(Dataset items)
lemma gadget_graph_neighbour:
  assumes "{u, gadget_vertex k i t} \<in> snd (gadget_graph k m)" "t < 2*k+3" "t \<noteq> 0"
  shows "\<exists>s<2*k+3. u = gadget_vertex k i s \<and> gadget_adj k s t"
proof -
  obtain j where "j < m" and
    "{u, gadget_vertex k i t} = {1, gadget_vertex k j 0} \<or>
     (\<exists>s t'. gadget_adj k s t' \<and> u = gadget_vertex k j s \<and>
        gadget_vertex k i t = gadget_vertex k j t')"
    using assms(1) by (auto simp: gadget_graph_edge_iff gadget_graph_adj_def)
  then show ?thesis
  proof (elim disjE exE conjE)
    assume "{u, gadget_vertex k i t} = {1, gadget_vertex k j 0}"
    then have "gadget_vertex k i t = gadget_vertex k j 0"
      by (metis doubleton_eq_iff gadget_vertex_ne_hub)
    then show ?thesis
      using assms(2,3) by (simp add: gadget_vertex_eq_iff)
  next
    fix s t' assume st: "gadget_adj k s t'" "u = gadget_vertex k j s"
      "gadget_vertex k i t = gadget_vertex k j t'"
    then have "s < 2*k+3" "t' < 2*k+3"
      using gadget_adj_less by blast+
    then show ?thesis
      using st assms(2) by (auto simp: gadget_vertex_eq_iff)
  qed
qed

lemma gadget_graph_edgeI:
  assumes "i < m" "gadget_adj k s t"
  shows "{gadget_vertex k i s, gadget_vertex k i t} \<in> snd (gadget_graph k m)"
  using assms by (auto simp: gadget_graph_edge_iff gadget_graph_adj_def)

lemma gadget_vertex_reaches_hub:
  assumes "k \<ge> 2" "i < m" "t < 2*k+3"
  shows "(\<lambda>x y. {x, y} \<in> snd (gadget_graph k m))\<^sup>*\<^sup>* (gadget_vertex k i t) 1"
proof -
  let ?R = "\<lambda>x y. {x, y} \<in> snd (gadget_graph k m)"
  have "?R\<^sup>*\<^sup>* (gadget_vertex k i s) (gadget_vertex k i 0)" if "(gadget_adj k)\<^sup>*\<^sup>* s 0" for s
    using that
  proof (induction rule: rtranclp_induct)
    case (step a b)
    then show ?case
      using gadget_graph_edgeI[OF assms(2)] by (simp add: rtranclp.rtrancl_into_rtrancl)
  qed simp
  moreover have "?R (gadget_vertex k i 0) 1"
    using assms(2) by (auto simp: gadget_graph_edge_iff gadget_graph_adj_def)
  ultimately show ?thesis
    using gadget_adj_connected[OF assms(1,3)] by (auto intro: rtranclp.rtrancl_into_rtrancl)
qed

lemma gadget_graph_in_GG:
  assumes "k \<ge> 2"
  shows "gadget_graph k m \<in> GG"
proof -
  have "simple_graph (gadget_graph k m)"
    using gadget_graph_adj_vertices by (fastforce simp: simple_graph_def gadget_graph_def)
  moreover have "connected_graph (gadget_graph k m)"
    using gadget_graph_vertex_cases gadget_vertex_reaches_hub[OF assms]
    by (intro connected_graphI_hub) blast
  ultimately show ?thesis
    by (auto simp: GG_def gadget_graph_def)
qed

lemma card_gadget_graph: "card (fst (gadget_graph k m)) = 1 + m * (2*k+3)"
  by (simp add: gadget_graph_def)

lemma inj_gadget_graph: "inj (gadget_graph k)"
  by (rule injI) (simp add: gadget_graph_def)

lemma gadget_graph_has_star:
  assumes "i < m" "s < 2*k+3" "D \<inter> gadget k i \<subseteq> {gadget_vertex k i s}"
  shows "has_subgraph_iso (delete_vertices (gadget_graph k m) (closed_nbhd (gadget_graph k m) D))
           (star k)"
proof -
  let ?G = "gadget_graph k m"
  let ?X = "closed_nbhd ?G D"
  let ?v = "gadget_vertex k i"
  obtain z L where z: "z \<in> {1..2*k+2}" and L: "L \<subseteq> {1..2*k+2}" "z \<notin> L" "card L = k"
    and star: "\<And>l. l \<in> L \<Longrightarrow> gadget_adj k z l"
    and avoid: "\<And>t. t \<in> insert z L \<Longrightarrow> t \<noteq> s \<and> \<not> gadget_adj k s t"
    using gadget_star_avoiding[OF assms(2)] by blast
  have inj: "inj_on ?v {..<2*k+3}"
    by (rule inj_onI) (simp add: gadget_vertex_eq_iff)
  have outside: "?v t \<in> fst ?G - ?X" if "t \<in> insert z L" for t
  proof -
    have t: "t < 2*k+3" "t \<noteq> 0"
      using that z L(1) by auto
    have "?v t \<notin> D"
      using assms(3) avoid[OF that] t(1) assms(2) by (auto simp: gadget_def gadget_vertex_eq_iff)
    moreover have "{u, ?v t} \<notin> snd ?G" if "u \<in> D" for u
    proof
      assume "{u, ?v t} \<in> snd ?G"
      then obtain s' where "s' < 2*k+3" "u = ?v s'" "gadget_adj k s' t"
        using gadget_graph_neighbour t by blast
      with \<open>u \<in> D\<close> assms(3) avoid[OF \<open>t \<in> insert z L\<close>] show False
        using assms(2) by (auto simp: gadget_def gadget_vertex_eq_iff)
    qed
    ultimately show ?thesis
      using gadget_vertex_in_graph[OF assms(1) t(1)] by (auto simp: closed_nbhd_def)
  qed
  show ?thesis
  proof (rule has_subgraph_iso_starI[where L = "?v ` L"])
    show "?v z \<in> fst (delete_vertices ?G ?X)" "?v ` L \<subseteq> fst (delete_vertices ?G ?X)"
      using outside by (auto simp: delete_vertices_def)
    show "?v z \<notin> ?v ` L"
      using L z by (auto simp: gadget_vertex_eq_iff)
    have "L \<subseteq> {..<2*k+3}"
      using L(1) by auto
    then show "card (?v ` L) = k"
      using L(3) by (simp add: card_image[OF inj_on_subset[OF inj]])
    show "finite (?v ` L)"
      using L(1) finite_subset by blast
    show "{?v z, l} \<in> snd (delete_vertices ?G ?X)" if l: "l \<in> ?v ` L" for l
    proof -
      obtain t where t: "t \<in> L" "l = ?v t"
        using l by blast
      then show ?thesis
        using gadget_graph_edgeI[OF assms(1) star[OF t(1)]] outside[of z] outside[of t]
        by (auto simp: delete_vertices_def)
    qed
  qed
qed
lemma lookup_coprod_id:
  "Poly_Mapping.lookup (coprod_id C y) (a, b, c) =
    (if composable C a b then Poly_Mapping.lookup y (Comp C b a, c) else 0)"
proof -
  have "Poly_Mapping.lookup (coprod_id C y) (a, b, c) =
      (\<Sum>p\<in>Poly_Mapping.keys y. \<Sum>d\<in>decomps C (fst p). ((Poly_Mapping.lookup y p when snd p = c) when d = (a, b)))"
    unfolding coprod_id_def lookup_sum lookup_single by (intro sum.cong refl) (auto simp: when_def)
  also have "\<dots> = (\<Sum>p\<in>Poly_Mapping.keys y.
      ((Poly_Mapping.lookup y p when p = (Comp C b a, c)) when composable C a b))"
    by (intro sum.cong refl) (auto simp: when_def when_def mem_decomps)
  finally show ?thesis by (auto simp: when_def in_keys_iff)
qed

lemma lookup_id_coprod:
  "Poly_Mapping.lookup (id_coprod C y) (a, b, c) =
    (if composable C b c then Poly_Mapping.lookup y (a, Comp C c b) else 0)"
proof -
  have "Poly_Mapping.lookup (id_coprod C y) (a, b, c) =
      (\<Sum>p\<in>Poly_Mapping.keys y. \<Sum>d\<in>decomps C (snd p). ((Poly_Mapping.lookup y p when fst p = a) when d = (b, c)))"
    unfolding id_coprod_def lookup_sum lookup_single by (intro sum.cong refl) (auto simp: when_def)
  also have "\<dots> = (\<Sum>p\<in>Poly_Mapping.keys y.
      ((Poly_Mapping.lookup y p when p = (a, Comp C c b)) when composable C b c))"
    by (intro sum.cong refl) (auto simp: when_def when_def mem_decomps)
  finally show ?thesis by (auto simp: when_def in_keys_iff)
qed

theorem coprod_coassoc: "coprod_id C (coprod C x) = id_coprod C (coprod C x)"
proof (rule poly_mapping_eqI)
  fix k
  show "Poly_Mapping.lookup (coprod_id C (coprod C x)) k = Poly_Mapping.lookup (id_coprod C (coprod C x)) k"
    by (cases k) (auto simp: lookup_coprod_id lookup_id_coprod lookup_coprod composable_def Comp_assoc)
qed

lemma coprod_add: "coprod C (x + y) = coprod C x + coprod C y"
  by (rule poly_mapping_eqI) (auto simp: lookup_coprod lookup_add)

lemma coprod_diff: "coprod C (x - y) = coprod C x - coprod C y"
  by (rule poly_mapping_eqI) (auto simp: lookup_coprod lookup_minus)

lemma coprod_sum: "coprod C (\<Sum>i\<in>A. f i) = (\<Sum>i\<in>A. coprod C (f i))"
proof (rule poly_mapping_eqI)
  fix k
  show "Poly_Mapping.lookup (coprod C (\<Sum>i\<in>A. f i)) k = Poly_Mapping.lookup (\<Sum>i\<in>A. coprod C (f i)) k"
    by (cases k) (simp add: lookup_coprod lookup_sum)
qed

lemma coprod_scale: "coprod C (scale c x) = scale c (coprod C x)"
  by (rule poly_mapping_eqI) (auto simp: lookup_coprod)

lemma coprod_single: "coprod C (Poly_Mapping.single p v) = (\<Sum>d\<in>decomps C p. Poly_Mapping.single d v)"
proof (rule poly_mapping_eqI)
  fix k
  show "Poly_Mapping.lookup (coprod C (Poly_Mapping.single p v)) k =
      Poly_Mapping.lookup (\<Sum>d\<in>decomps C p. Poly_Mapping.single d v) k"
    by (cases k) (auto simp: lookup_coprod lookup_sum lookup_single when_def when_def mem_decomps)
qed

lemma single_diff_in_Csim:
  assumes "mor_sim C f g"
  shows "Poly_Mapping.single f c - Poly_Mapping.single g c \<in> Csim C"
proof -
  have "Poly_Mapping.single f 1 - Poly_Mapping.single g 1 \<in> Csim C"
    using assms unfolding Csim_def sim_gens_def by (blast intro: lspan_base)
  moreover have "scale c (Poly_Mapping.single f 1 - Poly_Mapping.single g 1) =
      Poly_Mapping.single f c - Poly_Mapping.single g c"
    by (rule poly_mapping_eqI) (simp add: lookup_minus lookup_single when_def)
  ultimately show ?thesis unfolding Csim_def by (metis lspan_scale)
qed

lemma single_pair_diff_in_coideal:
  assumes "mor_sim C a a'" "mor_sim C b b'"
  shows "Poly_Mapping.single (a, b) 1 - Poly_Mapping.single (a', b') 1 \<in>
     sub_sum (tens_sub (free_mod C) (Csim C)) (tens_sub (Csim C) (free_mod C))"
proof -
  have "Poly_Mapping.single a' 1 \<in> free_mod C" "Poly_Mapping.single b 1 \<in> free_mod C"
    using assms unfolding mor_sim_def free_mod_def by auto
  moreover have "Poly_Mapping.single a 1 - Poly_Mapping.single a' 1 \<in> Csim C"
      "Poly_Mapping.single b 1 - Poly_Mapping.single b' 1 \<in> Csim C"
    using assms by (simp_all add: single_diff_in_Csim)
  ultimately have "tens (Poly_Mapping.single a' 1) (Poly_Mapping.single b 1 - Poly_Mapping.single b' 1) \<in> tens_sub (free_mod C) (Csim C)"
      "tens (Poly_Mapping.single a 1 - Poly_Mapping.single a' 1) (Poly_Mapping.single b 1) \<in> tens_sub (Csim C) (free_mod C)"
    unfolding tens_sub_def by (blast intro: lspan_base)+
  then show ?thesis
    unfolding single_pair_diff_eq_tens sub_sum_def by blast
qed

lemma coprod_sim_gen_in_coideal:
  assumes fg: "mor_sim C f g"
  shows "coprod C (Poly_Mapping.single f 1 - Poly_Mapping.single g 1) \<in>
     sub_sum (tens_sub (free_mod C) (Csim C)) (tens_sub (Csim C) (free_mod C))"
proof -
  obtain s s' where sq: "iso_square C f g s s'"
    using fg unfolding mor_sim_iff_iso_square by blast
  note facts = iso_square_facts[OF sq]
  define \<beta> where "\<beta> = (\<lambda>(a, b). (Comp C a (inv_mor C s), Comp C s' b))"
  have bij: "bij_betw \<beta> (decomps C f) (decomps C g)"
    unfolding \<beta>_def by (rule iso_square_bij_betw_decomps[OF sq])
  have "coprod C (Poly_Mapping.single f 1 - Poly_Mapping.single g 1) =
      (\<Sum>d\<in>decomps C f. Poly_Mapping.single d 1 - Poly_Mapping.single (\<beta> d) 1)"
    by (simp add: coprod_diff coprod_single sum.reindex_bij_betw[OF bij, symmetric] sum_subtractf)
  also have "\<dots> \<in> sub_sum (tens_sub (free_mod C) (Csim C)) (tens_sub (Csim C) (free_mod C))"
    unfolding tens_sub_def sub_sum_lspan
  proof (rule lspan_sum[OF finite_decomps])
    fix d assume d: "d \<in> decomps C f"
    obtain a b where ab: "d = (a, b)" by (cases d)
    have "mor_sim C a (Comp C a (inv_mor C s))"
      using facts decomps_DomCod[OF d[unfolded ab]]
      by (intro mor_sim_Comp_iso_right) (simp_all add: inv_mor is_iso_inv_mor)
    moreover have "mor_sim C b (Comp C s' b)"
      using facts decomps_DomCod[OF d[unfolded ab]] by (intro mor_sim_Comp_iso_left) simp_all
    ultimately show "Poly_Mapping.single d 1 - Poly_Mapping.single (\<beta> d) 1 \<in> lspan
        ({tens u v |u v. u \<in> free_mod C \<and> v \<in> Csim C} \<union> {tens u v |u v. u \<in> Csim C \<and> v \<in> free_mod C})"
      using single_pair_diff_in_coideal unfolding ab \<beta>_def tens_sub_def sub_sum_lspan by auto
  qed
  finally show ?thesis .
qed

EXERCISE: The reply should consist solely of the lines of the data, exact, from the opening line through the line with "by (metis doubleton_eq_iff", inclusive.

YOUR SOLUTION:
lemma gadget_graph_neighbour:
  assumes "{u, gadget_vertex k i t} \<in> snd (gadget_graph k m)" "t < 2*k+3" "t \<noteq> 0"
  shows "\<exists>s<2*k+3. u = gadget_vertex k i s \<and> gadget_adj k s t"
proof -
  obtain j where "j < m" and
    "{u, gadget_vertex k i t} = {1, gadget_vertex k j 0} \<or>
     (\<exists>s t'. gadget_adj k s t' \<and> u = gadget_vertex k j s \<and>
        gadget_vertex k i t = gadget_vertex k j t')"
    using assms(1) by (auto simp: gadget_graph_edge_iff gadget_graph_adj_def)
  then show ?thesis
  proof (elim disjE exE conjE)
    assume "{u, gadget_vertex k i t} = {1, gadget_vertex k j 0}"
    then have "gadget_vertex k i t = gadget_vertex k j 0"
      by (metis doubleton_eq_iff gadget_vertex_ne_hub)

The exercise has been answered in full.